2. Base of logarithm. If there is more than one logarithmic expression, keep in mind that we can only apply the laws of logarithm if the bases are the same. If in case that the bases are not the same, use the change of base formula to make the bases the same.

3. If the bases are the same, use the laws of logarithm to make a single logarithmic expression in one side of logarithmic equation.

4. Transform is back to its exponential form.

5. Solve for unknown.

6. Make sure to remember these three things. These are simple but it can make magic.

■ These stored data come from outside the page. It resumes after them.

(* Let $t\ge3$ and let $p_1,\dots,p_t$ be distinct primes, $n=p_1p_2\cdots p_t$. Then $i(X_n)\le 4p_1p_2\cdots p_{t-3}$ (the empty product being $1$ when $t=3$).
   Context: $X_n$ is the graph on $\{0,\dots,n-1\}$ with $a,b$ adjacent iff $\gcd(a-b,n)=1$. $i(G)$ is the minimum size of a maximal (under inclusion) independent set of $G$. *)

theory Defs
  imports Main "HOL-Computational_Algebra.Primes"
begin

definition X_adj :: "nat \<Rightarrow> nat \<Rightarrow> nat \<Rightarrow> bool" where
  "X_adj n a b \<longleftrightarrow> gcd (int a - int b) (int n) = 1"

definition X_verts :: "nat \<Rightarrow> nat set" where
  "X_verts n = {0..<n}"

definition indep_set :: "'a set \<Rightarrow> ('a \<Rightarrow> 'a \<Rightarrow> bool) \<Rightarrow> 'a set \<Rightarrow> bool" where
  "indep_set V E S \<longleftrightarrow> S \<subseteq> V \<and> (\<forall>a\<in>S. \<forall>b\<in>S. a \<noteq> b \<longrightarrow> \<not> E a b)"

definition maximal_indep_set :: "'a set \<Rightarrow> ('a \<Rightarrow> 'a \<Rightarrow> bool) \<Rightarrow> 'a set \<Rightarrow> bool" where
  "maximal_indep_set V E S \<longleftrightarrow> indep_set V E S \<and>
     (\<forall>T. indep_set V E T \<and> S \<subseteq> T \<longrightarrow> T = S)"

definition indep_dom_num :: "'a set \<Rightarrow> ('a \<Rightarrow> 'a \<Rightarrow> bool) \<Rightarrow> nat" where
  "indep_dom_num V E = Min (card ` {S. maximal_indep_set V E S})"

end

theory Submission
  imports Defs "HOL-Number_Theory.Cong"
begin

text \<open>Write \<open>n = m a b c\<close> with \<open>a, b, c\<close> the last three primes, and take the vertices whose
  residues modulo \<open>a, b, c\<close> form one of the four binary triples of even weight. Any two such
  triples agree in some coordinate, so two of these vertices are congruent modulo one of \<open>a, b, c\<close>
  and hence non-adjacent. Every other residue triple differs in all three coordinates from one
  of the four, so by the Chinese remainder theorem a vertex \<open>v\<close> outside the set is adjacent to
  the chosen vertex with that triple and with residue \<open>v + 1\<close> modulo \<open>m\<close>. The set is therefore a
  maximal independent set, and it has at most \<open>4 m\<close> elements.\<close>

lemma maximal_indep_setI:
  assumes "indep_set V E S" and "\<And>v. v \<in> V \<Longrightarrow> v \<notin> S \<Longrightarrow> \<exists>s\<in>S. E v s"
  shows "maximal_indep_set V E S"
  unfolding maximal_indep_set_def
proof (intro conjI allI impI assms(1))
  fix T assume T: "indep_set V E T \<and> S \<subseteq> T"
  show "T = S"
  proof (rule ccontr)
    assume "T \<noteq> S"
    with T obtain v where "v \<in> T" "v \<notin> S" "v \<in> V" by (auto simp: indep_set_def)
    with assms(2) obtain s where "s \<in> S" "E v s" by blast
    moreover from \<open>s \<in> S\<close> \<open>v \<notin> S\<close> T have "s \<in> T" "s \<noteq> v" by auto
    moreover have "\<forall>x\<in>T. \<forall>y\<in>T. x \<noteq> y \<longrightarrow> \<not> E x y"
      using T by (simp add: indep_set_def)
    ultimately show False
      using \<open>v \<in> T\<close> by metis
  qed
qed

lemma indep_dom_num_le:
  assumes "finite V" and "maximal_indep_set V E S"
  shows "indep_dom_num V E \<le> card S"
proof -
  have "{S. maximal_indep_set V E S} \<subseteq> Pow V"
    by (auto simp: maximal_indep_set_def indep_set_def)
  then have "finite {S. maximal_indep_set V E S}"
    using assms(1) finite_subset by blast
  then show ?thesis
    unfolding indep_dom_num_def using assms(2) by (intro Min_le finite_imageI) auto
qed

lemma X_adj_iff:
  "X_adj n x y \<longleftrightarrow> (\<forall>q. prime q \<longrightarrow> q dvd n \<longrightarrow> \<not> [x = y] (mod q))"
proof
  assume adj: "X_adj n x y"
  show "\<forall>q. prime q \<longrightarrow> q dvd n \<longrightarrow> \<not> [x = y] (mod q)"
  proof (intro allI impI notI)
    fix q :: nat assume "prime q" "q dvd n" "[x = y] (mod q)"
    then have "int q dvd gcd (int x - int y) (int n)"
      by (simp add: cong_iff_dvd_diff flip: cong_int_iff)
    with adj \<open>prime q\<close> show False by (simp add: X_adj_def)
  qed
next
  assume noncong: "\<forall>q. prime q \<longrightarrow> q dvd n \<longrightarrow> \<not> [x = y] (mod q)"
  show "X_adj n x y"
  proof (rule ccontr)
    assume "\<not> X_adj n x y"
    then have "\<bar>gcd (int x - int y) (int n)\<bar> \<noteq> 1" by (simp add: X_adj_def)
    then obtain r where r: "prime r" "r dvd gcd (int x - int y) (int n)"
      by (rule prime_factor_int)
    define q where "q = nat r"
    have "int q = r" using r(1) by (simp add: q_def prime_ge_0_int)
    with r have "prime q" "q dvd n" "[x = y] (mod q)"
      by (auto simp: cong_iff_dvd_diff simp flip: cong_int_iff)
    with noncong show False by blast
  qed
qed

lemma not_X_adj_if_cong: "prime q \<Longrightarrow> q dvd n \<Longrightarrow> [x = y] (mod q) \<Longrightarrow> \<not> X_adj n x y"
  using X_adj_iff by blast

definition even_triples :: "(nat \<times> nat \<times> nat) set" where
  "even_triples = {(0,0,0), (0,1,1), (1,0,1), (1,1,0)}"

lemma card_even_triples: "card even_triples = 4"
  by (simp add: even_triples_def)

lemma even_triples_bounded: "(\<alpha>, \<beta>, \<gamma>) \<in> even_triples \<Longrightarrow> \<alpha> \<le> 1 \<and> \<beta> \<le> 1 \<and> \<gamma> \<le> 1"
  by (auto simp: even_triples_def)

lemma even_triples_agree:
  "(\<alpha>, \<beta>, \<gamma>) \<in> even_triples \<Longrightarrow> (\<alpha>', \<beta>', \<gamma>') \<in> even_triples \<Longrightarrow>
    \<alpha> = \<alpha>' \<or> \<beta> = \<beta>' \<or> \<gamma> = \<gamma>'"
  by (auto simp: even_triples_def)

lemma even_triples_avoid:
  "(\<alpha>, \<beta>, \<gamma>) \<notin> even_triples \<Longrightarrow>
    \<exists>\<alpha>' \<beta>' \<gamma>'. (\<alpha>', \<beta>', \<gamma>') \<in> even_triples \<and> \<alpha>' \<noteq> \<alpha> \<and> \<beta>' \<noteq> \<beta> \<and> \<gamma>' \<noteq> \<gamma>"
  unfolding even_triples_def by (simp add: ex_disj_distrib) presburger

definition even_residue_set :: "nat \<Rightarrow> nat \<Rightarrow> nat \<Rightarrow> nat \<Rightarrow> nat set" where
  "even_residue_set n a b c = {x. x < n \<and> (x mod a, x mod b, x mod c) \<in> even_triples}"

lemma indep_set_even_residue_set:
  assumes "prime a" "prime b" "prime c" "a dvd n" "b dvd n" "c dvd n"
  shows "indep_set (X_verts n) (X_adj n) (even_residue_set n a b c)"
  unfolding indep_set_def
proof (intro conjI ballI impI)
  show "even_residue_set n a b c \<subseteq> X_verts n"
    by (auto simp: even_residue_set_def X_verts_def)
next
  fix x y assume "x \<in> even_residue_set n a b c" "y \<in> even_residue_set n a b c"
  then have "(x mod a, x mod b, x mod c) \<in> even_triples" "(y mod a, y mod b, y mod c) \<in> even_triples"
    by (simp_all add: even_residue_set_def)
  then have "[x = y] (mod a) \<or> [x = y] (mod b) \<or> [x = y] (mod c)"
    unfolding cong_def by (rule even_triples_agree)
  with assms show "\<not> X_adj n x y"
    using not_X_adj_if_cong by blast
qed

lemma card_even_residue_set_le:
  assumes "coprime a b" "coprime (a * b) c"
  shows "card (even_residue_set (m * (a * b * c)) a b c) \<le> 4 * m"
proof (cases "a * b * c = 0")
  case True
  then show ?thesis by (simp only: mult_0_right even_residue_set_def) simp
next
  case False
  let ?S = "even_residue_set (m * (a * b * c)) a b c"
  let ?f = "\<lambda>x. ((x mod a, x mod b, x mod c), x div (a * b * c))"
  have "inj_on ?f ?S"
  proof (rule inj_onI)
    fix x y assume "?f x = ?f y"
    then have "[x = y] (mod a)" "[x = y] (mod b)" "[x = y] (mod c)" "x div (a*b*c) = y div (a*b*c)"
      by (simp_all add: cong_def)
    with assms have "[x = y] (mod a * b * c)" "x div (a*b*c) = y div (a*b*c)"
      by (simp_all add: coprime_cong_mult_nat)
    then show "x = y"
      by (metis cong_def div_mult_mod_eq)
  qed
  moreover have "?f ` ?S \<subseteq> even_triples \<times> {..<m}"
    using False by (auto simp: even_residue_set_def div_less_iff_less_mult)
  ultimately have "card ?S \<le> card (even_triples \<times> {..<m})"
    by (rule card_inj_on_le) (simp add: even_triples_def)
  then show ?thesis
    by (simp add: card_cartesian_product card_even_triples)
qed

lemma chinese_remainder_four_nat:
  fixes m a b c :: nat
  assumes "coprime a b" "coprime a c" "coprime b c" "coprime m (a * b * c)" "m * (a * b * c) \<noteq> 0"
  shows "\<exists>s < m * (a * b * c). [s = r] (mod m) \<and> [s = \<alpha>] (mod a) \<and> [s = \<beta>] (mod b) \<and> [s = \<gamma>] (mod c)"
proof -
  define M where "M = (!) [m, a, b, c]"
  define u where "u = (!) [r, \<alpha>, \<beta>, \<gamma>]"
  have "\<forall>i\<in>{0, 1, 2, 3}. \<forall>j\<in>{0, 1, 2, 3}. i \<noteq> j \<longrightarrow> coprime (M i) (M j)"
    using assms(1-4) by (auto simp: M_def coprime_commute)
  then obtain x where "\<forall>i\<in>{0, 1, 2, 3}. [x = u i] (mod M i)"
    using chinese_remainder_nat[of "{0, 1, 2, 3}" M u] by auto
  then have x: "[x = r] (mod m)" "[x = \<alpha>] (mod a)" "[x = \<beta>] (mod b)" "[x = \<gamma>] (mod c)"
    by (auto simp: M_def u_def)
  define s where "s = x mod (m * (a * b * c))"
  have s_x: "[s = x] (mod q)" if "q dvd m * (a * b * c)" for q
    using that by (simp add: s_def cong_def mod_mod_cancel)
  have "[s = r] (mod m)" "[s = \<alpha>] (mod a)" "[s = \<beta>] (mod b)" "[s = \<gamma>] (mod c)"
    by (auto intro: cong_trans[OF s_x x(1)] cong_trans[OF s_x x(2)] cong_trans[OF s_x x(3)]
        cong_trans[OF s_x x(4)])
  moreover have "s < m * (a * b * c)"
    using assms(5) by (simp add: s_def)
  ultimately show ?thesis by blast
qed

lemma ex_X_adj_in_even_residue_set:
  assumes "prime a" "prime b" "prime c" "a \<noteq> b" "a \<noteq> c" "b \<noteq> c" "coprime m (a * b * c)"
    and n: "n = m * (a * b * c)"
    and v: "v < n" "v \<notin> even_residue_set n a b c"
  shows "\<exists>s\<in>even_residue_set n a b c. X_adj n v s"
proof -
  from v obtain \<alpha> \<beta> \<gamma> where pattern: "(\<alpha>, \<beta>, \<gamma>) \<in> even_triples"
    and avoid: "\<alpha> \<noteq> v mod a" "\<beta> \<noteq> v mod b" "\<gamma> \<noteq> v mod c"
    using even_triples_avoid[of "v mod a" "v mod b" "v mod c"] by (auto simp: even_residue_set_def)
  have "n \<noteq> 0"
    using v(1) by simp
  with assms(1-7) obtain s where "s < n" and s_m: "[s = v + 1] (mod m)"
    and "[s = \<alpha>] (mod a)" "[s = \<beta>] (mod b)" "[s = \<gamma>] (mod c)"
    using chinese_remainder_four_nat[of a b c m] unfolding n by (metis primes_coprime)
  moreover have "\<alpha> < a" "\<beta> < b" "\<gamma> < c"
    using even_triples_bounded[OF pattern] prime_ge_2_nat[OF assms(1)] prime_ge_2_nat[OF assms(2)]
      prime_ge_2_nat[OF assms(3)] by linarith+
  ultimately have residues: "s mod a = \<alpha>" "s mod b = \<beta>" "s mod c = \<gamma>"
    by (simp_all add: cong_def)
  with \<open>s < n\<close> pattern have s_in: "s \<in> even_residue_set n a b c"
    by (simp add: even_residue_set_def)
  have "\<not> [v = s] (mod q)" if "prime q" "q dvd n" for q
  proof
    assume vs: "[v = s] (mod q)"
    from that consider "q dvd m" | "q = a" | "q = b" | "q = c"
      using assms(1-3) unfolding n by (metis prime_dvd_mult_iff primes_dvd_imp_eq)
    then show False
    proof cases
      case 1
      then have "[v = v + 1] (mod q)"
        using cong_trans[OF vs cong_dvd_modulus_nat[OF s_m]] by blast
      then have "q dvd 1"
        by (simp add: cong_iff_dvd_diff flip: cong_int_iff)
      with \<open>prime q\<close> show False by simp
    qed (use vs residues avoid in \<open>simp_all add: cong_def\<close>)
  qed
  then have "X_adj n v s"
    by (simp add: X_adj_iff)
  with s_in show ?thesis ..
qed

lemma indep_dom_num_X_le:
  assumes "prime a" "prime b" "prime c" "a \<noteq> b" "a \<noteq> c" "b \<noteq> c" "coprime m (a * b * c)"
  shows "indep_dom_num (X_verts (m * (a * b * c))) (X_adj (m * (a * b * c))) \<le> 4 * m"
proof -
  define n where "n = m * (a * b * c)"
  let ?S = "even_residue_set n a b c"
  have "indep_set (X_verts n) (X_adj n) ?S"
    using assms(1-3) by (intro indep_set_even_residue_set) (simp_all add: n_def)
  moreover have "\<exists>s\<in>?S. X_adj n v s" if "v \<in> X_verts n" "v \<notin> ?S" for v
    using ex_X_adj_in_even_residue_set[OF assms n_def] that by (simp add: X_verts_def)
  ultimately have "maximal_indep_set (X_verts n) (X_adj n) ?S"
    by (rule maximal_indep_setI)
  then have "indep_dom_num (X_verts n) (X_adj n) \<le> card ?S"
    by (intro indep_dom_num_le) (simp_all add: X_verts_def)
  also have "card ?S \<le> 4 * m"
    using assms(1-6) unfolding n_def by (intro card_even_residue_set_le) (simp_all add: primes_coprime)
  finally show ?thesis
    by (simp add: n_def)
qed

theorem theorem4p10:
  fixes t n :: nat and p :: "nat \<Rightarrow> nat"
  assumes "t \<ge> 3"
    and "\<forall>i\<in>{1..t}. prime (p i)"
    and "inj_on p {1..t}"
    and "n = (\<Prod>i=1..t. p i)"
  shows "indep_dom_num (X_verts n) (X_adj n) \<le> 4 * (\<Prod>i=1..t-3. p i)"
proof -
  define k where "k = t - 3"
  define m where "m = (\<Prod>i=1..k. p i)"
  have t: "t = k + 3"
    using assms(1) by (simp add: k_def)
  have prime: "prime (p i)" if "i \<in> {1..k + 3}" for i
    using assms(2) that by (simp add: t)
  have distinct: "p i \<noteq> p j" if "i \<in> {1..k + 3}" "j \<in> {1..k + 3}" "i \<noteq> j" for i j
    using inj_onD[OF assms(3)] that by (auto simp: t)
  have "n = m * (p (k + 1) * p (k + 2) * p (k + 3))"
    by (simp add: assms(4) t m_def prod.nat_ivl_Suc' numeral_3_eq_3 mult_ac)
  moreover have "coprime m (p (k + 1) * p (k + 2) * p (k + 3))"
    unfolding m_def by (intro prod_coprime_left) (auto simp: primes_coprime prime distinct)
  ultimately have "indep_dom_num (X_verts n) (X_adj n) \<le> 4 * m"
    using indep_dom_num_X_le prime distinct by simp
  then show ?thesis
    by (simp add: m_def k_def)
qed

end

$\log_bb^n=n$ $log_b1=0$ $\log_xy=\displaystyle\frac{\log_by}{\log_bx}$

Worked Problem 1:

Solve for x: $\log_4(3x-4)=4$

Solution:

$\log_4(3x-4)=4$

Rule number 1: Domain is x>4/3

Check rule number 3 and 4.

$\log_2(3x-4)=4 \to 3x-4=2^4$ $3x-4=2^4$ $3x=2^4+4$

$x=\displaystyle\frac{20}{3}$ Since 20/3 is on the domain of logarithm. It is a solution without checking.

Worked Problem 2: 2007 MMC Elimination

Solve for x: $\log_2(x^2-1)-\log_2(x-1)+\log_2(x+5)=5$

Solution:

Domain: x<-1, x>1, x>-5. By quick inspection, the domain must be x>1.

Squeeze the three expressions to a single expression by applying laws of logarithm.

LHS:

$\log_2(x^2-1)-\log_2(x-1)+\log_2(x+5)=5$ $\log_2\displaystyle\frac{(x^2-1)(x+5)}{x-1}=5$

Transform:

$\displaystyle\frac{(x^2-1)(x+5)}{x-1}=2^5$

$\displaystyle\frac{(x-1)(x+1)(x+5)}{x-1}=32$ by factoring.

$(x+1)(x+5)=32$ $x^2+6x+5=32$ $x^2+6x-27=0$ $(x+9)(x-3)=0$ $x=-9,x=3$

The domain is x>1 and only x=3 is on that domain. Which means that x=-9 is an extraneous root.

Worked Problem 3:

Solve for x: $\ln x^2=(\ln x)^2$

Solution:

Take note that $\ln(x)=\log_e(x)$

$\ln x^2=(\ln x)^2$

$2\ln x=(\ln x)(\ln x)$ by dividing lnx both side we can cancel 1 lnx.

$2=\ln x$ $x=e^2$

Worked Problem 4:

Solve for x: $(\ln x)^2+1=2\ln x$

Solution:

Let $a=\ln x$

$a^2+1=2a$ $a^2-2a+1=0$ $(a-1)^2=0$ $a=1$ $\ln x=1$ $x=e^1=e$